Most workflows mix Word with PDF and URL. Same logic applies: pick the right converter per format. See best free PDF to Markdown converters for PDF and URL to Markdown ranked review for web. Cross-format pipelines often end up with a mix: Pandoc for Word, marker for PDF, Trafilatura for URL — or one platform like MDisBetter for all four formats.

Output cleanliness comparison

Beyond raw feature preservation, the cleanliness of the resulting Markdown source matters for ongoing editing. Score each tool on source readability:

Tool	Line wrapping	Trailing whitespace	Empty paragraphs	Stray HTML	Cleanliness /20
Pandoc	Configurable	None	Rare	Minimal	17
MDisBetter	Configurable	None	Rare	Minimal	16
Word2MD	Default wrap	None	Occasional	HTML for complex tables	14
Mammoth.js	Default wrap	Some	Common	None	13
Word HTML path	Erratic	Common	Common	Heavy MSO HTML	5

Pandoc edges ahead on cleanliness because of --wrap=none producing diff-friendly source. The web tools default to wrapping at standard widths which is fine for reading but produces noisy diffs in Git.

Performance comparison

Conversion speed isn't usually a concern for one-off use, but matters for batch jobs. Approximate speeds for our 24-page test document:

Tool	Time per doc	Throughput per minute
Pandoc (CLI)	0.4-0.8 sec	~100 docs
Mammoth.js (in-process)	0.2-0.5 sec	~150 docs
MDisBetter (web upload)	3-6 sec	~12 docs
Word2MD (web upload)	4-8 sec	~10 docs

Web tools include upload + processing + download time. Local tools are dramatically faster but require setup. For batch processing speed, Pandoc and Mammoth dominate.

Recommendation

For complex docs (academic, legal, technical with footnotes/citations/equations): Pandoc. For image-heavy docs going into AI workflows: Word2MD. For convenience and multi-format breadth: MDisBetter. For developer integration: Mammoth.js. Skip Word's native HTML export. See also 8-tool benchmark, 2026 ranked review, and Word tables to Markdown guide.

Frequently asked questions

Why do all tools score the same low number on side-by-side images?

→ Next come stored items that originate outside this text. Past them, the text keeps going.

text \<open>With \<open>C = N\<^sub>x\<close>, \<open>p y = P_{y,x}\<close>, \<open>s y = P_{y,y}\<close>, \<open>lx = \<lambda>\<^sub>x\<close> and \<open>bx = \<beta>\<^sub>x\<close>,
  the polynomials \<open>L\<close> and \<open>P\<close> below are \<open>P_{x,x}\<close> and \<open>P_{x,x'}\<close>, and \<open>U\<close> is the set of
  zeros of \<open>L\<close>.\<close>

locale jacobi_step =
  fixes C :: "'v set" and p s :: "'v \<Rightarrow> real poly" and lam :: "'v \<Rightarrow> real" and lx bx :: real
  assumes finite_C: "finite C"
    and interlacing_children: "\<And>y. y \<in> C \<Longrightarrow> interlacing (p y) (s y)"
    and lam_pos: "\<And>y. y \<in> C \<Longrightarrow> lam y > 0"
    and lx_pos: "lx > 0"
begin

definition L :: "real poly" where
  "L = Lcm (p ` C)"

definition P :: "real poly" where
  "P = smult (1 / lx) ([:-bx, 1:] * L - (\<Sum>y\<in>C. smult (lam y) (L * s y div p y)))"

definition U :: "real set" where
  "U = (\<Union>y\<in>C. {x. poly (p y) x = 0})"

lemma simple_real_rooted_children: "y \<in> C \<Longrightarrow> simple_real_rooted (p y)"
  using interlacing_children by (simp add: interlacing_def)

lemma finite_U: "finite U"
  unfolding U_def using finite_C simple_real_rooted_children simple_real_rooted_finite_roots
  by blast

lemma L_eq_prod: "L = (\<Prod>b\<in>U. [:-b, 1:])"
  unfolding L_def U_def using Lcm_simple_real_rooted[OF finite_C simple_real_rooted_children] .

lemma simple_real_rooted_L: "simple_real_rooted L"
  unfolding L_eq_prod using finite_U by (rule simple_real_rooted_prod_linear_factors)

lemma lead_coeff_L [simp]: "lead_coeff L = 1"
  unfolding L_eq_prod by simp

lemma roots_L: "{x. poly L x = 0} = U"
  unfolding L_eq_prod using finite_U by simp

lemma L_nonzero [simp]: "L \<noteq> 0"
  unfolding L_eq_prod by simp
text \<open>Split at the top element \<open>h = 2 ^ k\<close>: if \<open>h \<in> V\<close>, every \<open>w < h\<close> has \<open>w\<close> or \<open>h + w\<close> in \<open>V\<close>;
  otherwise \<open>V\<close> consists of two translated copies of its lower half.\<close>

lemma card_ge_if_triple_one_free:
  assumes "V \<subseteq> {1..<2 ^ k}" "V \<noteq> {}" "triple_one_free k V"
  shows "2 ^ k \<le> 2 * card V"
  using assms
proof (induction k arbitrary: V)
  case (Suc k)
  define h :: nat where "h = 2 ^ k"
  have V: "V \<subseteq> {1..<2 * h}" using Suc.prems(1) by (simp add: h_def)
  then have "finite V" using finite_subset by blast
  have top: "h \<in> V \<Longrightarrow> w \<notin> V \<Longrightarrow> h + w \<in> V" "h \<notin> V \<Longrightarrow> w \<in> V \<longleftrightarrow> h + w \<in> V"
    if "w \<in> {1..<h}" for w
  proof -
    have "card (V \<inter> {h, w, h + w}) \<noteq> 1"
      using Suc.prems(3) that by (simp add: triple_one_free_Suc h_def)
    then show "h \<in> V \<Longrightarrow> w \<notin> V \<Longrightarrow> h + w \<in> V" "h \<notin> V \<Longrightarrow> w \<in> V \<longleftrightarrow> h + w \<in> V"
      using card_Int_three[of h w "h + w" V] that by (cases "w \<in> V"; cases "h + w \<in> V"; auto)+
  qed
  show ?case
  proof (cases "h \<in> V")
    case True
    define f where "f w = (if w \<in> V then w else h + w)" for w
    have "inj_on f {1..<h}" by (rule inj_onI) (auto simp: f_def split: if_splits)
    moreover have "h \<notin> f ` {1..<h}" by (auto simp: f_def)
    ultimately have "card (insert h (f ` {1..<h})) = h"
      using card_image by (fastforce simp: h_def)
    moreover have "insert h (f ` {1..<h}) \<subseteq> V"
      using True top by (auto simp: f_def)
    ultimately have "h \<le> card V" using card_mono[OF \<open>finite V\<close>] by metis
    then show ?thesis by (simp add: h_def)
  next
    case False
    define L where "L = V \<inter> {..<h}"
    have shift: "w \<in> V \<longleftrightarrow> h + w \<in> V" if "w \<in> {1..<h}" for w
      using top(2)[OF that False] .
    have "L \<subseteq> {1..<2 ^ k}" using V by (auto simp: L_def h_def)
    moreover have "L \<noteq> {}"
    proof
      assume "L = {}"
      obtain x where "x \<in> V" using Suc.prems(2) by auto
      with \<open>L = {}\<close> have "h \<le> x" by (auto simp: L_def)
      moreover have "x \<noteq> h" "x < 2 * h" using \<open>x \<in> V\<close> False V by auto
      ultimately have "x - h \<in> {1..<h}" "h + (x - h) \<in> V" using \<open>x \<in> V\<close> by auto
      with shift \<open>L = {}\<close> show False by (auto simp: L_def)
    qed
    moreover have "triple_one_free k L"
      using Suc.prems(3) triple_one_free_restrict by (simp add: triple_one_free_Suc L_def h_def)
    ultimately have "2 ^ k \<le> 2 * card L" by (rule Suc.IH)
    moreover have "card L + card ((+) h ` L) \<le> card V"
    proof -
      have "L \<union> (+) h ` L \<subseteq> V" "L \<inter> (+) h ` L = {}"
        using shift V by (auto simp: L_def)
      then show ?thesis using card_mono[OF \<open>finite V\<close>]
        by (metis L_def \<open>finite V\<close> card_Un_disjoint finite_Int finite_imageI)
    qed
    ultimately show ?thesis by (simp add: card_image h_def)
  qed
qed simp

lemma mem_iff_mod_mem:
  fixes M N j :: nat
  assumes "0 < M" and period: "\<And>j. j + M < N \<Longrightarrow> j \<in> S \<longleftrightarrow> j + M \<in> S" and "j < N"
  shows "j \<in> S \<longleftrightarrow> j mod M \<in> S"
  using \<open>j < N\<close>
proof (induction j rule: less_induct)
  case (less j)
  show ?case
  proof (cases "j < M")
    case False
    then have "j - M \<in> S \<longleftrightarrow> j \<in> S" using period[of "j - M"] less.prems by simp
    moreover have "j - M \<in> S \<longleftrightarrow> (j - M) mod M \<in> S" using less False assms(1) by simp
    ultimately show ?thesis using False by (simp add: le_mod_geq)
  qed simp
qed

lemma card_periodic_ge:
  fixes M N :: nat
  assumes "0 < M" "finite S" and periodic: "\<And>j. j < N \<Longrightarrow> j \<in> S \<longleftrightarrow> j mod M \<in> S"
  shows "card (S \<inter> {..<M}) * (N div M) \<le> card S"
proof -
  define g where "g = (\<lambda>(v, i). v + i * M)"
  have "inj_on g ({..<M} \<times> UNIV)"
  proof (rule inj_onI, clarify)
    fix v i v' i' assume "v < M" "v' < M" and "g (v, i) = g (v', i')"
    then have eq: "v + i * M = v' + i' * M" by (simp add: g_def)
    show "v = v' \<and> i = i'"
      using arg_cong[OF eq, of "\<lambda>x. x mod M"] arg_cong[OF eq, of "\<lambda>x. x div M"] \<open>v < M\<close> \<open>v' < M\<close>
      by simp
  qed
  then have "inj_on g ((S \<inter> {..<M}) \<times> {..<N div M})" by (rule inj_on_subset) auto
  moreover have "g ` ((S \<inter> {..<M}) \<times> {..<N div M}) \<subseteq> S"
  proof clarify
    fix v i assume "v \<in> S" "v < M" "i < N div M"
    have "v + i * M < Suc i * M" using \<open>v < M\<close> by simp
    also have "\<dots> \<le> N div M * M" using \<open>i < N div M\<close> by (intro mult_le_mono1) simp
    also have "\<dots> \<le> N" by (rule div_times_less_eq_dividend)
    finally have "v + i * M < N" .
    with \<open>v \<in> S\<close> \<open>v < M\<close> show "g (v, i) \<in> S" using periodic[of "v + i * M"] by (simp add: g_def)
  qed
  ultimately have "card ((S \<inter> {..<M}) \<times> {..<N div M}) \<le> card S"
    using card_inj_on_le \<open>finite S\<close> by blast
  then show ?thesis by (simp add: card_cartesian_product)
qed

lemma sum_pow2_minus_one: "(\<Sum>l<k. (2::nat) ^ l - 1) + k + 1 = 2 ^ k"
proof (induction k)
  case (Suc k)
  have "(1::nat) \<le> 2 ^ k" by simp
  with Suc show ?case by simp
qed simp

text \<open>The rows of the matrix realising the lower bound on \<open>u\<close>: a 1-free set meeting every pair
  row is \<open>(2 ^ k - 1)\<close>-periodic, and the triple rows are the conditions of \<open>triple_one_free\<close>
  shifted to 0-based column indices.\<close>

definition pair_triple_rows :: "nat \<Rightarrow> nat \<Rightarrow> nat set set" where
  "pair_triple_rows k N =
     (\<lambda>j. {j, j + (2 ^ k - 1)}) ` {..<N - (2 ^ k - 1)} \<union>
     (\<lambda>(l, w). {2 ^ l - 1, w - 1, 2 ^ l + w - 1}) ` (SIGMA l:{..<k}. {1..<2 ^ l})"

lemma finite_pair_triple_rows: "finite (pair_triple_rows k N)"
  unfolding pair_triple_rows_def by auto

lemma card_pair_triple_rows:
  assumes "2 ^ k - 1 \<le> N"
  shows "card (pair_triple_rows k N) \<le> N - k"
proof -
  have "card (pair_triple_rows k N) \<le> card {..<N - (2 ^ k - 1)} + card (SIGMA l:{..<k}. {1..<(2::nat) ^ l})"
    unfolding pair_triple_rows_def by (intro card_Un_le[THEN order_trans] add_mono card_image_le) auto
  also have "\<dots> = N - (2 ^ k - 1) + (\<Sum>l<k. 2 ^ l - 1)" by (simp add: card_SigmaI)
  finally show ?thesis using sum_pow2_minus_one[of k] assms by linarith
qed

lemma card_ge_if_pair_triple_rows_one_free:
  assumes "1 \<le> k" "S \<subseteq> {..<N}" "S \<noteq> {}"
    and one_free: "\<And>r. r \<in> pair_triple_rows k N \<Longrightarrow> card (S \<inter> r) \<noteq> 1"
  shows "2 ^ k * (N div (2 ^ k - 1)) \<le> 2 * card S"
proof -
  define M :: nat where "M = 2 ^ k - 1"
  have "0 < M" using power_increasing[of 1 k "2::nat"] assms(1) by (simp add: M_def)
  have "j \<in> S \<longleftrightarrow> j + M \<in> S" if "j + M < N" for j
  proof -
    have "{j, j + M} \<in> pair_triple_rows k N" using that by (auto simp: pair_triple_rows_def M_def)
    with one_free \<open>0 < M\<close> show ?thesis by (cases "j \<in> S"; cases "j + M \<in> S") fastforce+
  qed
  then have periodic: "j \<in> S \<longleftrightarrow> j mod M \<in> S" if "j < N" for j
    using mem_iff_mod_mem[OF \<open>0 < M\<close> _ that] by blast
  define V where "V = Suc ` (S \<inter> {..<M})"
  have "V \<subseteq> {1..<2 ^ k}" by (auto simp: V_def M_def)
  moreover have "V \<noteq> {}"
  proof -
    obtain x where "x \<in> S" using assms(3) by auto
    then have "x mod M \<in> S \<inter> {..<M}" using periodic[of x] assms(2) \<open>0 < M\<close> by auto
    then show ?thesis by (auto simp: V_def)
  qed
  moreover have "triple_one_free k V"
    unfolding triple_one_free_def
  proof (intro allI impI ballI)
    fix l w assume "l < k" "w \<in> {1..<(2::nat) ^ l}"
    then have "2 ^ l + w < (2::nat) ^ k"
      using power_increasing[of "Suc l" k "2::nat"] by simp
    then have "V \<inter> {2 ^ l, w, 2 ^ l + w} = Suc ` (S \<inter> {2 ^ l - 1, w - 1, 2 ^ l + w - 1})"
      using \<open>w \<in> {1..<2 ^ l}\<close> by (auto simp: V_def M_def image_iff)
    moreover have "{2 ^ l - 1, w - 1, 2 ^ l + w - 1} \<in> pair_triple_rows k N"
      using \<open>l < k\<close> \<open>w \<in> {1..<2 ^ l}\<close> unfolding pair_triple_rows_def by blast
    ultimately show "card (V \<inter> {2 ^ l, w, 2 ^ l + w}) \<noteq> 1"
      using one_free by (simp add: card_image)
  qed
  ultimately have "2 ^ k \<le> 2 * card V" by (rule card_ge_if_triple_one_free)
  then have "2 ^ k \<le> 2 * card (S \<inter> {..<M})" by (simp add: V_def card_image)
  then have "2 ^ k * (N div M) \<le> 2 * (card (S \<inter> {..<M}) * (N div M))" by simp
  also have "\<dots> \<le> 2 * card S"
    using card_periodic_ge[OF \<open>0 < M\<close> _ periodic] finite_subset[OF assms(2)] by simp
  finally show ?thesis by (simp add: M_def)
qed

Markdown has no syntax for image positioning — there's no float left/right or column layout. Every tool has to flatten side-by-side images to sequential ones, which is technically correct (the image content is preserved) but visually different from the original. To preserve side-by-side layout, you'd need to use raw HTML in the Markdown, which is the standard escape hatch for layout features GFM doesn't support natively.

How is the 'AI image alt text' score relevant if I'm not using AI?

It's only relevant if your downstream workflow includes LLMs (RAG, document Q&A, ChatGPT-as-reviewer) or accessibility requirements (screen readers). For simple human reading or static doc sites, the original Word alt text (often empty or generic) is fine. The score line shows the differentiator for the use case where it matters; ignore it for the use case where it doesn't.

Can I see the actual converted output for the test document?

We don't publish the converted .md files because the test document includes synthetic-but-realistic content (fake citations, fake company names) that could be misleading if extracted. The methodology — feature list, scoring rubric, tool versions — is fully reproducible. Build a similar test doc with your real-world feature mix and run the same comparison; that's the more useful data anyway since it reflects your actual content.